-- EXERCISE DIRECTIONS --
Filter the entries, keeping every line with the word "only".

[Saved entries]
(*
  In an ENL algebra E[x,y] = [x,Ey] = [Ex,y] by antisymmetry, so the deformed bracket is
  [x,y]_E = E[x,y]; its Jacobiator is E^2 applied to the Jacobiator of [.,.], and E is a Lie
  algebra morphism from g_E to g. Hence rho o E and mu o F are representations of g_E and h_F,
  and the compatibility conditions of the deformed pair reduce to those of (g,h;rho,mu) once
  E and F are moved through rho and mu. Moved the same way, the bicrossed bracket of the
  deformed pair is literally the (E + F)-deformation of the bicrossed bracket, so the
  isomorphism is the identity. What remains is that the bicrossed product of any matched pair
  is a Lie algebra; its Jacobi identity need only be checked on the g-component, since the
  h-component is the g-component for the swapped matched pair (h,g;mu,rho).
*)
theory Submission
  imports Defs
begin

lemma bilinear_distribs:
  assumes "\<And>y. Vector_Spaces.linear s1 s3 (\<lambda>x. b x y)"
    and "\<And>x. Vector_Spaces.linear s2 s3 (b x)"
  shows "b (x + x') y = b x y + b x' y" "b x (y + y') = b x y + b x y'"
    "b (x - x') y = b x y - b x' y" "b x (y - y') = b x y - b x y'"
    "b (- x) y = - b x y" "b x (- y) = - b x y"
    "b 0 y = 0" "b x 0 = 0"
    "b (s1 c x) y = s3 c (b x y)" "b x (s2 c y) = s3 c (b x y)"
proof -
  have l: "module_hom s1 s3 (\<lambda>x. b x y)" and r: "module_hom s2 s3 (b x)" for x y
    using assms by (simp_all add: module_hom_iff_linear)
  show "b (x + x') y = b x y + b x' y" "b x (y + y') = b x y + b x y'"
    "b (x - x') y = b x y - b x' y" "b x (y - y') = b x y - b x y'"
    "b (- x) y = - b x y" "b x (- y) = - b x y"
    "b 0 y = 0" "b x 0 = 0"
    "b (s1 c x) y = s3 c (b x y)" "b x (s2 c y) = s3 c (b x y)"
    by (simp_all add: module_hom.add[OF l] module_hom.add[OF r] module_hom.diff[OF l]
        module_hom.diff[OF r] module_hom.neg[OF l] module_hom.neg[OF r] module_hom.zero[OF l]
        module_hom.zero[OF r] module_hom.scale[OF l] module_hom.scale[OF r])
qed

lemma lie_algebra_bracket_distribs:
  assumes "lie_algebra sc br"
  shows "br (x + x') y = br x y + br x' y" "br x (y + y') = br x y + br x y'"
    "br (x - x') y = br x y - br x' y" "br x (y - y') = br x y - br x y'"
    "br (- x) y = - br x y" "br x (- y) = - br x y"
    "br 0 y = 0" "br x 0 = 0"
    "br (sc c x) y = sc c (br x y)" "br x (sc c y) = sc c (br x y)"
  using assms unfolding lie_algebra_def by (blast intro: bilinear_distribs)+

lemma lie_algebra_anticomm:
  assumes "lie_algebra sc br"
  shows "br y x = - br x y"
proof -
  have "br (x + y) (x + y) = 0" and "br x x = 0" and "br y y = 0"
    using assms by (simp_all add: lie_algebra_def)
  then have "br y x + br x y = 0"
    by (simp add: lie_algebra_bracket_distribs[OF assms])
  then show ?thesis
    by (simp add: eq_neg_iff_add_eq_0)
qed

lemma lie_rep_distribs:
  assumes "lie_rep scg brg scv r"
  shows "r (x + x') v = r x v + r x' v" "r x (v + v') = r x v + r x v'"
    "r (x - x') v = r x v - r x' v" "r x (v - v') = r x v - r x v'"
    "r (- x) v = - r x v" "r x (- v) = - r x v"
    "r 0 v = 0" "r x 0 = 0"
    "r (scg c x) v = scv c (r x v)" "r x (scv c v) = scv c (r x v)"
  using assms unfolding lie_rep_def by (blast intro: bilinear_distribs)+

definition jacobiator :: "('a::ab_group_add \<Rightarrow> 'a \<Rightarrow> 'a) \<Rightarrow> 'a \<Rightarrow> 'a \<Rightarrow> 'a \<Rightarrow> 'a" where
  "jacobiator br x y z = br x (br y z) + br y (br z x) + br z (br x y)"

lemma lie_algebra_jacobiator: "lie_algebra sc br \<Longrightarrow> jacobiator br x y z = 0"
  by (simp add: lie_algebra_def jacobiator_def)

lemma fst_jacobiator_bicrossed:
  assumes "matched_pair scg brg sch brh \<rho> \<mu>"
  shows "fst (jacobiator (bicrossed brg brh \<rho> \<mu>) u v w) = 0"
proof -
  obtain x \<xi> y \<eta> z \<zeta> where uvw: "u = (x, \<xi>)" "v = (y, \<eta>)" "w = (z, \<zeta>)"
    by (cases u, cases v, cases w) blast
  have g: "lie_algebra scg brg" and \<mu>: "lie_rep sch brh scg \<mu>"
    and \<mu>_bracket: "\<And>\<xi> x y. \<mu> \<xi> (brg x y) =
          brg (\<mu> \<xi> x) y + brg x (\<mu> \<xi> y) + \<mu> (\<rho> y \<xi>) x - \<mu> (\<rho> x \<xi>) y"
    using assms by (simp_all add: matched_pair_def)
  have \<mu>_rep: "\<mu> (brh \<xi> \<eta>) x = \<mu> \<xi> (\<mu> \<eta> x) - \<mu> \<eta> (\<mu> \<xi> x)" for \<xi> \<eta> x
    using \<mu> by (simp add: lie_rep_def)
  \<comment> \<open>the brackets [\<mu> \<eta> z, x] produced by \<mu>_bracket cancel against [x, \<mu> \<eta> z] only
      after antisymmetry\<close>
  have "fst (jacobiator (bicrossed brg brh \<rho> \<mu>) u v w) = jacobiator brg x y z"
    unfolding uvw jacobiator_def bicrossed_def
    by (simp add: lie_algebra_bracket_distribs[OF g] lie_rep_distribs[OF \<mu>] \<mu>_bracket \<mu>_rep
        lie_algebra_anticomm[OF g, of "\<mu> \<eta> z" x] lie_algebra_anticomm[OF g, of "\<mu> \<xi> y" z]
        lie_algebra_anticomm[OF g, of "\<mu> \<zeta> x" y])
  then show ?thesis
    by (simp add: lie_algebra_jacobiator[OF g])
qed

lemma matched_pair_swap:
  "matched_pair scg brg sch brh \<rho> \<mu> \<Longrightarrow> matched_pair sch brh scg brg \<mu> \<rho>"
  by (simp add: matched_pair_def)

lemma bicrossed_swap:
  "bicrossed brh brg \<mu> \<rho> (prod.swap u) (prod.swap v) = prod.swap (bicrossed brg brh \<rho> \<mu> u v)"
  by (simp add: bicrossed_def split: prod.splits)

lemma jacobiator_bicrossed:
  assumes "matched_pair scg brg sch brh \<rho> \<mu>"
  shows "jacobiator (bicrossed brg brh \<rho> \<mu>) u v w = 0"
proof (rule prod_eqI)
  show "fst (jacobiator (bicrossed brg brh \<rho> \<mu>) u v w) = fst 0"
    using fst_jacobiator_bicrossed[OF assms] by simp
  have "snd (jacobiator (bicrossed brg brh \<rho> \<mu>) u v w)
      = fst (jacobiator (bicrossed brh brg \<mu> \<rho>) (prod.swap u) (prod.swap v) (prod.swap w))"
    by (simp add: jacobiator_def bicrossed_swap)
  then show "snd (jacobiator (bicrossed brg brh \<rho> \<mu>) u v w) = snd 0"
    using fst_jacobiator_bicrossed[OF matched_pair_swap[OF assms]] by simp
qed

lemma vector_space_sum_scale:
  "vector_space scg \<Longrightarrow> vector_space sch \<Longrightarrow> vector_space (sum_scale scg sch)"
  unfolding vector_space_def sum_scale_def by (simp add: add_Pair)

lemma bicrossed_lie_algebra:
  assumes "matched_pair scg brg sch brh \<rho> \<mu>"
  shows "lie_algebra (sum_scale scg sch) (bicrossed brg brh \<rho> \<mu>)"
proof -
  have g: "lie_algebra scg brg" and h: "lie_algebra sch brh"
    and \<rho>: "lie_rep scg brg sch \<rho>" and \<mu>: "lie_rep sch brh scg \<mu>"
    using assms by (simp_all add: matched_pair_def)
  have vs: "vector_space scg" "vector_space sch"
    using g h by (simp_all add: lie_algebra_def)
  note distribs = lie_algebra_bracket_distribs[OF g] lie_algebra_bracket_distribs[OF h]
    lie_rep_distribs[OF \<rho>] lie_rep_distribs[OF \<mu>]
  have modules: "module scg" "module sch"
    using vs by (simp_all add: module_iff_vector_space)
  note scale_distribs = module.scale_right_distrib[OF modules(1)]
    module.scale_right_diff_distrib[OF modules(1)]
    module.scale_right_distrib[OF modules(2)] module.scale_right_diff_distrib[OF modules(2)]
  show ?thesis
    unfolding lie_algebra_def
  proof (intro conjI allI)
    show "vector_space (sum_scale scg sch)"
      using vector_space_sum_scale[OF vs] .
    show "Vector_Spaces.linear (sum_scale scg sch) (sum_scale scg sch) (bicrossed brg brh \<rho> \<mu> u)" for u
      using vector_space_sum_scale[OF vs]
      by (auto simp: Vector_Spaces.linear_iff bicrossed_def sum_scale_def distribs scale_distribs
          split: prod.splits)
    show "Vector_Spaces.linear (sum_scale scg sch) (sum_scale scg sch) (\<lambda>u. bicrossed brg brh \<rho> \<mu> u v)" for v
      using vector_space_sum_scale[OF vs]
      by (auto simp: Vector_Spaces.linear_iff bicrossed_def sum_scale_def distribs scale_distribs
          split: prod.splits)
    show "bicrossed brg brh \<rho> \<mu> u u = 0" for u
      using g h by (simp add: bicrossed_def lie_algebra_def zero_prod_def split: prod.splits)
    show "bicrossed brg brh \<rho> \<mu> u (bicrossed brg brh \<rho> \<mu> v w)
        + bicrossed brg brh \<rho> \<mu> v (bicrossed brg brh \<rho> \<mu> w u)
        + bicrossed brg brh \<rho> \<mu> w (bicrossed brg brh \<rho> \<mu> u v) = 0" for u v w
      using jacobiator_bicrossed[OF assms] by (simp add: jacobiator_def)
  qed
qed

-- SOLUTION BELOW --
  is a Lie algebra; its Jacobi identity need only be checked on the g-component, since the
  \<comment> \<open>the brackets [\<mu> \<eta> z, x] produced by \<mu>_bracket cancel against [x, \<mu> \<eta> z] only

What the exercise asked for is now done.